What to do
Scan the records for "inner". Show the matching lines.

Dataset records
——

lemma beta_prime_density_bounds_at_top:
  fixes p q :: real
  assumes "0 < p" "0 < q"
  obtains c C where "0 < c" "0 < C"
    "\<And>x. 1 \<le> x \<Longrightarrow> c * x powr (- q - 1) \<le> beta_prime_density p q x"
    "\<And>x. 1 \<le> x \<Longrightarrow> beta_prime_density p q x \<le> C * x powr (- q - 1)"
proof
  define K where "K = Gamma (p + q) / (Gamma p * Gamma q)"
  show "0 < K / 2 powr (p + q)" "0 < K"
    using assms by (simp_all add: K_def Gamma_real_pos)
  fix x :: real
  assume x: "1 \<le> x"
  have "x powr (p + q) \<le> (1 + x) powr (p + q)" "(1 + x) powr (p + q) \<le> 2 powr (p + q) * x powr (p + q)"
    using assms x powr_mono2[of "p + q" "1 + x" "2 * x"] by (auto intro: powr_mono2 simp: powr_mult)
  moreover have "0 \<le> K * x powr (p - 1)"
    using \<open>0 < K\<close> by simp
  ultimately have "K * x powr (p - 1) / (2 powr (p + q) * x powr (p + q)) \<le> K * x powr (p - 1) / (1 + x) powr (p + q)"
    and "K * x powr (p - 1) / (1 + x) powr (p + q) \<le> K * x powr (p - 1) / x powr (p + q)"
    using x by (intro frac_le; simp)+
  moreover have "x powr (p - 1) = x powr (- q - 1) * x powr (p + q)"
    by (rule powr_mult_powr_eq[symmetric]) simp
  ultimately show "K / 2 powr (p + q) * x powr (- q - 1) \<le> beta_prime_density p q x"
    and "beta_prime_density p q x \<le> K * x powr (- q - 1)"
    using x by (simp_all add: beta_prime_density_eq K_def)
qed

lemma nn_integral_beta_prime_moment_finite:
  fixes p q r :: real
  assumes "0 < p" "0 < q" "- p < r" "r < q"
  shows "(\<integral>\<^sup>+x. ennreal (beta_prime_density p q x * x powr r) \<partial>lborel) < \<infinity>"
proof -
  obtain C0 where "0 < C0" and C0: "\<And>x. 0 < x \<Longrightarrow> x \<le> 1 \<Longrightarrow> beta_prime_density p q x \<le> C0 * x powr (p - 1)"
    using beta_prime_density_bounds_at_0[OF assms(1,2)] by metis
  obtain C1 where "0 < C1" and C1: "\<And>x. 1 \<le> x \<Longrightarrow> beta_prime_density p q x \<le> C1 * x powr (- q - 1)"
    using beta_prime_density_bounds_at_top[OF assms(1,2)] by metis
  have "ennreal (beta_prime_density p q x * x powr r)
     \<le> ennreal C0 * (ennreal (x powr (p + r - 1)) * indicator {0..1} x)
       + ennreal C1 * (ennreal (x powr (r - q - 1)) * indicator {1..} x)" for x :: real
  proof (cases "0 < x")
    case False
    then show ?thesis
      by (simp add: beta_prime_density_nonpos)
  next
    case True
    show ?thesis
    proof (cases "x \<le> 1")
      case True
      have "beta_prime_density p q x * x powr r \<le> C0 * x powr (p - 1) * x powr r"
        using C0 \<open>0 < x\<close> True by (simp add: mult_right_mono)
      also have "\<dots> = C0 * x powr (p + r - 1)"
        using powr_mult_powr_eq[of "p - 1" r "p + r - 1" x] by (simp add: mult.assoc)
      finally have "ennreal (beta_prime_density p q x * x powr r)
          \<le> ennreal C0 * (ennreal (x powr (p + r - 1)) * indicator {0..1} x)"
        using \<open>0 < x\<close> \<open>0 < C0\<close> True by (simp add: ennreal_mult[symmetric] ennreal_leI)
      then show ?thesis
        by (rule order_trans) simp
    next
      case False
      have "beta_prime_density p q x * x powr r \<le> C1 * x powr (- q - 1) * x powr r"
        using C1 False by (simp add: mult_right_mono)
      also have "\<dots> = C1 * x powr (r - q - 1)"
        using powr_mult_powr_eq[of "- q - 1" r "r - q - 1" x] by (simp add: mult.assoc)
      finally have "ennreal (beta_prime_density p q x * x powr r)
          \<le> ennreal C1 * (ennreal (x powr (r - q - 1)) * indicator {1..} x)"
        using \<open>0 < C1\<close> False by (simp add: ennreal_mult[symmetric] ennreal_leI)
      then show ?thesis
        by (rule order_trans) simp
    qed
  qed
  then have "(\<integral>\<^sup>+x. ennreal (beta_prime_density p q x * x powr r) \<partial>lborel)
     \<le> ennreal C0 * (\<integral>\<^sup>+x\<in>{0..1}. ennreal (x powr (p + r - 1)) \<partial>lborel)
       + ennreal C1 * (\<integral>\<^sup>+x\<in>{1..}. ennreal (x powr (r - q - 1)) \<partial>lborel)"
    by (subst nn_integral_cmult[symmetric] nn_integral_add[symmetric], simp_all)+
      (rule nn_integral_mono)
  also have "\<dots> < \<infinity>"
    using assms by (simp add: nn_integral_powr_from_0 nn_integral_powr_to_inf ennreal_mult_less_top)
  finally show ?thesis .
qed

lemma nn_integral_beta_prime_pair_moment_finite:
  fixes p q r t :: real
  assumes "0 < p" "0 < q" "- p < r" "r < q" "- p < t" "t < q"
  shows "(\<integral>\<^sup>+z. ennreal (beta_prime_density p q (fst z) * fst z powr r)
              * ennreal (beta_prime_density p q (snd z) * snd z powr t) \<partial>(lborel \<Otimes>\<^sub>M lborel)) < \<infinity>"
proof -
  let ?f = "\<lambda>r x. ennreal (beta_prime_density p q x * x powr r)"
  have "(\<integral>\<^sup>+z. ?f r (fst z) * ?f t (snd z) \<partial>(lborel \<Otimes>\<^sub>M lborel))
      = (\<integral>\<^sup>+x. ?f r x \<partial>lborel) * (\<integral>\<^sup>+y. ?f t y \<partial>lborel)"
    by (rule nn_integral_pair_measure_mult[OF lborel.sigma_finite_measure_axioms]) measurable
  then show ?thesis
    using assms nn_integral_beta_prime_moment_finite[of p q r] nn_integral_beta_prime_moment_finite[of p q t]
    by (simp add: ennreal_mult_less_top)
qed

lemma Mab_eq_nn_integral_lborel:
  assumes "0 < a" "0 < b"
  shows "Mab a b s = (\<integral>\<^sup>+z. ennreal (beta_prime_density a b (fst z) * beta_prime_density a b (snd z)
                                        * (fst z + snd z) powr s) \<partial>(lborel \<Otimes>\<^sub>M lborel))"
proof -
  let ?d = "\<lambda>x. ennreal (beta_prime_density a b x)"
  have "sigma_finite_measure (density lborel ?d)"
    by (subst sigma_finite_measure.sigma_finite_iff_density_finite[OF lborel.sigma_finite_measure_axioms]) auto
  then have "beta_prime_measure a b \<Otimes>\<^sub>M beta_prime_measure a b
      = density (lborel \<Otimes>\<^sub>M lborel) (\<lambda>(x, y). ?d x * ?d y)"
    unfolding beta_prime_measure_def
    by (intro pair_measure_density) (auto simp: lborel.sigma_finite_measure_axioms)
  then show ?thesis
    using assms unfolding Mab_def
    by (simp add: nn_integral_density case_prod_beta ennreal_mult[symmetric] beta_prime_density_nonneg)
qed

lemma Mab_finite:
  assumes "0 < a" "0 < b" "- 2 * a < s" "s < b"
  shows "Mab a b s < \<infinity>"
proof -
  let ?d = "beta_prime_density a b"
  let ?m = "\<lambda>r x. ennreal (?d x * x powr r)"
  have pair_finite: "(\<integral>\<^sup>+z. ?m r (fst z) * ?m t (snd z) \<partial>(lborel \<Otimes>\<^sub>M lborel)) < \<infinity>"
    if "- a < r" "r < b" "- a < t" "t < b" for r t
    using assms that by (intro nn_integral_beta_prime_pair_moment_finite) auto
  show ?thesis
  proof (cases "0 \<le> s")
    case True
    have "ennreal (?d x * ?d y * (x + y) powr s) \<le> ennreal (2 powr s) * (?m s x * ?m 0 y + ?m 0 x * ?m s y)"
      for x y
    proof (cases "0 < x \<and> 0 < y")
      case True
      have "?d x * ?d y * (x + y) powr s \<le> ?d x * ?d y * (2 powr s * (x powr s + y powr s))"
        using True \<open>0 \<le> s\<close> assms
        by (intro mult_left_mono powr_add_le_two_powr) (auto simp: beta_prime_density_nonneg)
      then show ?thesis
        using True assms
        by (simp add: ennreal_mult[symmetric] ennreal_plus[symmetric] beta_prime_density_nonneg
            algebra_simps del: ennreal_plus)
    qed (auto simp: beta_prime_density_def)
    then have "Mab a b s \<le> (\<integral>\<^sup>+z. ennreal (2 powr s) * (?m s (fst z) * ?m 0 (snd z) + ?m 0 (fst z) * ?m s (snd z))
                                 \<partial>(lborel \<Otimes>\<^sub>M lborel))"
      using assms by (simp add: Mab_eq_nn_integral_lborel nn_integral_mono)
    also have "\<dots> = ennreal (2 powr s) * ((\<integral>\<^sup>+z. ?m s (fst z) * ?m 0 (snd z) \<partial>(lborel \<Otimes>\<^sub>M lborel))
                                        + (\<integral>\<^sup>+z. ?m 0 (fst z) * ?m s (snd z) \<partial>(lborel \<Otimes>\<^sub>M lborel)))"
      by (simp add: nn_integral_cmult nn_integral_add)
    also have "\<dots> < \<infinity>"
      using pair_finite[of s 0] pair_finite[of 0 s] assms True by (simp add: ennreal_mult_less_top)
    finally show ?thesis .
  next
    case False
    have "ennreal (?d x * ?d y * (x + y) powr s) \<le> ?m (s / 2) x * ?m (s / 2) y" for x y
    proof (cases "0 < x \<and> 0 < y")
      case True
      have "?d x * ?d y * (x + y) powr s \<le> ?d x * ?d y * (x powr (s / 2) * y powr (s / 2))"
        using True False assms
        by (intro mult_left_mono powr_add_le_powr_half_mult) (auto simp: beta_prime_density_nonneg)
      then show ?thesis
        using True assms
        by (simp add: ennreal_mult[symmetric] beta_prime_density_nonneg ennreal_leI mult_ac)
    qed (auto simp: beta_prime_density_def)
    then have "Mab a b s \<le> (\<integral>\<^sup>+z. ?m (s / 2) (fst z) * ?m (s / 2) (snd z) \<partial>(lborel \<Otimes>\<^sub>M lborel))"
      using assms by (simp add: Mab_eq_nn_integral_lborel nn_integral_mono)
    also have "\<dots> < \<infinity>"
      using pair_finite[of "s / 2" "s / 2"] assms False by simp
    finally show ?thesis .
  qed
qed

lemma Mab_infinite_if_ge:
  assumes "0 < a" "0 < b" "b \<le> s"
  shows "Mab a b s = \<infinity>"
proof -
  let ?d = "beta_prime_density a b"
  obtain c0 where "0 < c0" and c0: "\<And>y. 0 < y \<Longrightarrow> y \<le> 1 \<Longrightarrow> c0 * y powr (a - 1) \<le> ?d y"
    using beta_prime_density_bounds_at_0[OF assms(1,2)] by metis
  obtain c1 where "0 < c1" and c1: "\<And>x. 1 \<le> x \<Longrightarrow> c1 * x powr (- b - 1) \<le> ?d x"
    using beta_prime_density_bounds_at_top[OF assms(1,2)] by metis
  let ?f = "\<lambda>x. ennreal c1 * (ennreal (1 / x) * indicator {1..} x)"
  let ?g = "\<lambda>y. ennreal c0 * (ennreal (y powr (a - 1)) * indicator {0..1} y)"
  have "?f x * ?g y \<le> ennreal (?d x * ?d y * (x + y) powr s)" for x y
  proof (cases "1 \<le> x \<and> 0 < y \<and> y \<le> 1")
    case True
    have "c1 * (1 / x) = c1 * x powr (- 1)"
      using True by (simp add: powr_minus_divide)
    also have "\<dots> \<le> c1 * x powr (s - b - 1)"
      using True assms \<open>0 < c1\<close> by (intro mult_left_mono powr_mono) auto
    also have "\<dots> = c1 * (x powr (- b - 1) * x powr s)"
      using powr_mult_powr_eq[of "- b - 1" s "s - b - 1" x] by simp
    also have "\<dots> \<le> ?d x * (x + y) powr s"
      using True assms c1[of x] \<open>0 < c1\<close>
      by (simp only: mult.assoc[symmetric]) (intro mult_mono powr_mono2; simp add: beta_prime_density_nonneg)
    finally have hx: "c1 * (1 / x) \<le> ?d x * (x + y) powr s" .
    have "c1 * (1 / x) * (c0 * y powr (a - 1)) \<le> ?d x * (x + y) powr s * ?d y"
      by (rule mult_mono[OF hx c0])
        (use True \<open>0 < c0\<close> assms in \<open>auto simp: beta_prime_density_nonneg\<close>)
    then show ?thesis
      using True \<open>0 < c1\<close> \<open>0 < c0\<close>
      by (simp add: ennreal_mult[symmetric] ennreal_leI mult_ac)
  qed (auto split: split_indicator)
  then have "(\<integral>\<^sup>+z. ?f (fst z) * ?g (snd z) \<partial>(lborel \<Otimes>\<^sub>M lborel)) \<le> Mab a b s"
    using assms by (simp add: Mab_eq_nn_integral_lborel nn_integral_mono)
  moreover have "(\<integral>\<^sup>+z. ?f (fst z) * ?g (snd z) \<partial>(lborel \<Otimes>\<^sub>M lborel))
      = (\<integral>\<^sup>+x. ?f x \<partial>lborel) * (\<integral>\<^sup>+y. ?g y \<partial>lborel)"
    by (rule nn_integral_pair_measure_mult[OF lborel.sigma_finite_measure_axioms]) measurable
  moreover have "(\<integral>\<^sup>+x. ?f x \<partial>lborel) = \<infinity>"
    using \<open>0 < c1\<close> by (simp add: nn_integral_cmult nn_integral_inverse_atLeast ennreal_mult_top)
  moreover have "(\<integral>\<^sup>+y. ?g y \<partial>lborel) = ennreal (c0 / a)"
    using assms \<open>0 < c0\<close> by (simp add: nn_integral_cmult nn_integral_powr_from_0 ennreal_mult[symmetric])
  ultimately show ?thesis
    using assms \<open>0 < c0\<close> by (simp add: ennreal_top_mult top_unique)
qed

lemma Mab_infinite_if_le:
  assumes "0 < a" "0 < b" "s \<le> - 2 * a"
  shows "Mab a b s = \<infinity>"
proof -
  let ?d = "beta_prime_density a b"
  obtain c where "0 < c" and c: "\<And>x. 0 < x \<Longrightarrow> x \<le> 1 \<Longrightarrow> c * x powr (a - 1) \<le> ?d x"
    using beta_prime_density_bounds_at_0[OF assms(1,2)] by metis
  define K where "K = c\<^sup>2 * 2 powr s"
  have "0 < K"
    using \<open>0 < c\<close> by (simp add: K_def)
  have inner: "ennreal (K * x powr (a - 1 + s)) * indicator {0<..1} x * (ennreal (y powr (a - 1)) * indicator {0..x} y)
      \<le> ennreal (?d x * ?d y * (x + y) powr s)" for x y
  proof (cases "0 < x \<and> x \<le> 1 \<and> 0 < y \<and> y \<le> x")
    case True
    have "(2 * x) powr s \<le> (x + y) powr s"
      using True assms by (intro powr_mono2') auto
    then have "2 powr s * x powr s \<le> (x + y) powr s"
      using True by (simp add: powr_mult)
    then have "c * x powr (a - 1) * (c * y powr (a - 1)) * (2 powr s * x powr s) \<le> ?d x * ?d y * (x + y) powr s"
      using True c[of x] c[of y] \<open>0 < c\<close> assms
      by (intro mult_mono) (auto simp: beta_prime_density_nonneg)
    moreover have "c * x powr (a - 1) * (c * y powr (a - 1)) * (2 powr s * x powr s)
        = K * x powr (a - 1 + s) * y powr (a - 1)"
      unfolding K_def powr_mult_powr_eq[OF refl, symmetric] by (simp add: power2_eq_square mult_ac)
    ultimately show ?thesis
      using True \<open>0 < K\<close> by (simp add: ennreal_mult[symmetric] ennreal_leI)
  qed (auto split: split_indicator)
  have outer: "ennreal (K / a) * ennreal (1 / x) \<le> ennreal (K * x powr (a - 1 + s)) * ennreal (x powr a / a)"
    if "0 < x" "x \<le> 1" for x
  proof -
    have "K / a * (1 / x) = K / a * x powr (- 1)"
      using that by (simp add: powr_minus_divide)
    also have "\<dots> \<le> K / a * x powr (2 * a - 1 + s)"
      using that assms \<open>0 < K\<close> by (intro mult_left_mono powr_mono') auto
    also have "\<dots> = K * x powr (a - 1 + s) * (x powr a / a)"
      using powr_mult_powr_eq[of "a - 1 + s" a "2 * a - 1 + s" x] by (simp add: field_simps)
    finally show ?thesis
      using that \<open>0 < K\<close> assms by (simp add: ennreal_mult[symmetric] ennreal_leI)
  qed
  have "\<infinity> = ennreal (K / a) * (\<integral>\<^sup>+x\<in>{0<..1}. ennreal (1 / x) \<partial>lborel)"
    using \<open>0 < K\<close> assms by (simp add: nn_integral_inverse_greaterThanAtMost ennreal_mult_top)
  also have "\<dots> \<le> (\<integral>\<^sup>+x. ennreal (K * x powr (a - 1 + s)) * indicator {0<..1} x
                      * (\<integral>\<^sup>+y\<in>{0..x}. ennreal (y powr (a - 1)) \<partial>lborel) \<partial>lborel)"
    using assms outer
    by (subst nn_integral_cmult[symmetric]) (auto intro!: nn_integral_mono simp: nn_integral_powr_from_0 split: split_indicator)
  also have "\<dots> \<le> (\<integral>\<^sup>+x. \<integral>\<^sup>+y. ennreal (?d x * ?d y * (x + y) powr s) \<partial>lborel \<partial>lborel)"
    using inner by (simp add: nn_integral_cmult[symmetric] nn_integral_mono)
  also have "\<dots> = Mab a b s"
    using assms by (simp add: Mab_eq_nn_integral_lborel lborel.nn_integral_fst[symmetric])
  finally show ?thesis
    by (simp add: top_unique)
qed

——

Written solution
  have inner: "ennreal (K * x powr (a - 1 + s)) * indicator {0<..1} x * (ennreal (y powr (a - 1)) * indicator {0..x} y)
    using inner by (simp add: nn_integral_cmult[symmetric] nn_integral_mono)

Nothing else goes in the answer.